(Stored data)

(* Let $M=\mathbb R^d$, $TM=\mathbb R^d\times\mathbb R^d$, and let $\phi:\mathcal P_2(M)\to(-\infty,\infty]$ and $\Phi:\mathcal P_2(TM)\to(-\infty,\infty]$ be lower semicontinuous for narrow convergence with $\Phi(\mu)=\phi(\pi^1_\#\mu)$ for all $\mu\in\mathcal P_2(TM)$. Let $\mu\in\mathcal P_2(TM)$ with $\Phi(\mu)<\infty$, and let $\varrho=\pi^1_\#\mu$. Then $|\partial\Phi|(\mu)=|\partial\phi|(\varrho)$.
   Context: $\mathcal P_2(X)$ carries the quadratic Wasserstein distance $W_2$; $\pi^1(x,v)=x$. For a function $\psi$ on a metric space $(\mathcal S,\mathrm{dist})$ and a point $v$ with $\psi(v)$ finite, the (global) metric slope is $|\partial\psi|(v):=\limsup_{w\to v}\frac{(\psi(v)-\psi(w))^+}{\mathrm{dist}(w,v)}$. *)

theory Defs
  imports "HOL-Probability.Probability"
begin

definition P2 :: "('a::euclidean_space) measure set" where
  "P2 = {\<mu>. prob_space \<mu> \<and> sets \<mu> = sets borel \<and>
             (\<integral>\<^sup>+x. ennreal ((norm x)\<^sup>2) \<partial>\<mu>) < \<infinity>}"

definition couplings :: "('a::euclidean_space) measure \<Rightarrow> 'a measure \<Rightarrow> ('a \<times> 'a) measure set" where
  "couplings \<mu> \<nu> = {\<pi>. prob_space \<pi> \<and> sets \<pi> = sets borel \<and>
                        distr \<pi> borel fst = \<mu> \<and> distr \<pi> borel snd = \<nu>}"

definition W2 :: "('a::euclidean_space) measure \<Rightarrow> 'a measure \<Rightarrow> real" where
  "W2 \<mu> \<nu> = sqrt (enn2real (INF \<pi>\<in>couplings \<mu> \<nu>.
                 \<integral>\<^sup>+p. ennreal ((dist (fst p) (snd p))\<^sup>2) \<partial>\<pi>))"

Task prompt = Nothing but the lines from the one with "theory Defs" through the last line of the records above should be retyped, and those word for word.

Task solution =
theory Defs
  imports "HOL-Probability.Probability"
begin

definition P2 :: "('a::euclidean_space) measure set" where
  "P2 = {\<mu>. prob_space \<mu> \<and> sets \<mu> = sets borel \<and>
             (\<integral>\<^sup>+x. ennreal ((norm x)\<^sup>2) \<partial>\<mu>) < \<infinity>}"

definition couplings :: "('a::euclidean_space) measure \<Rightarrow> 'a measure \<Rightarrow> ('a \<times> 'a) measure set" where
  "couplings \<mu> \<nu> = {\<pi>. prob_space \<pi> \<and> sets \<pi> = sets borel \<and>
                        distr \<pi> borel fst = \<mu> \<and> distr \<pi> borel snd = \<nu>}"

definition W2 :: "('a::euclidean_space) measure \<Rightarrow> 'a measure \<Rightarrow> real" where
  "W2 \<mu> \<nu> = sqrt (enn2real (INF \<pi>\<in>couplings \<mu> \<nu>.
                 \<integral>\<^sup>+p. ennreal ((dist (fst p) (snd p))\<^sup>2) \<partial>\<pi>))"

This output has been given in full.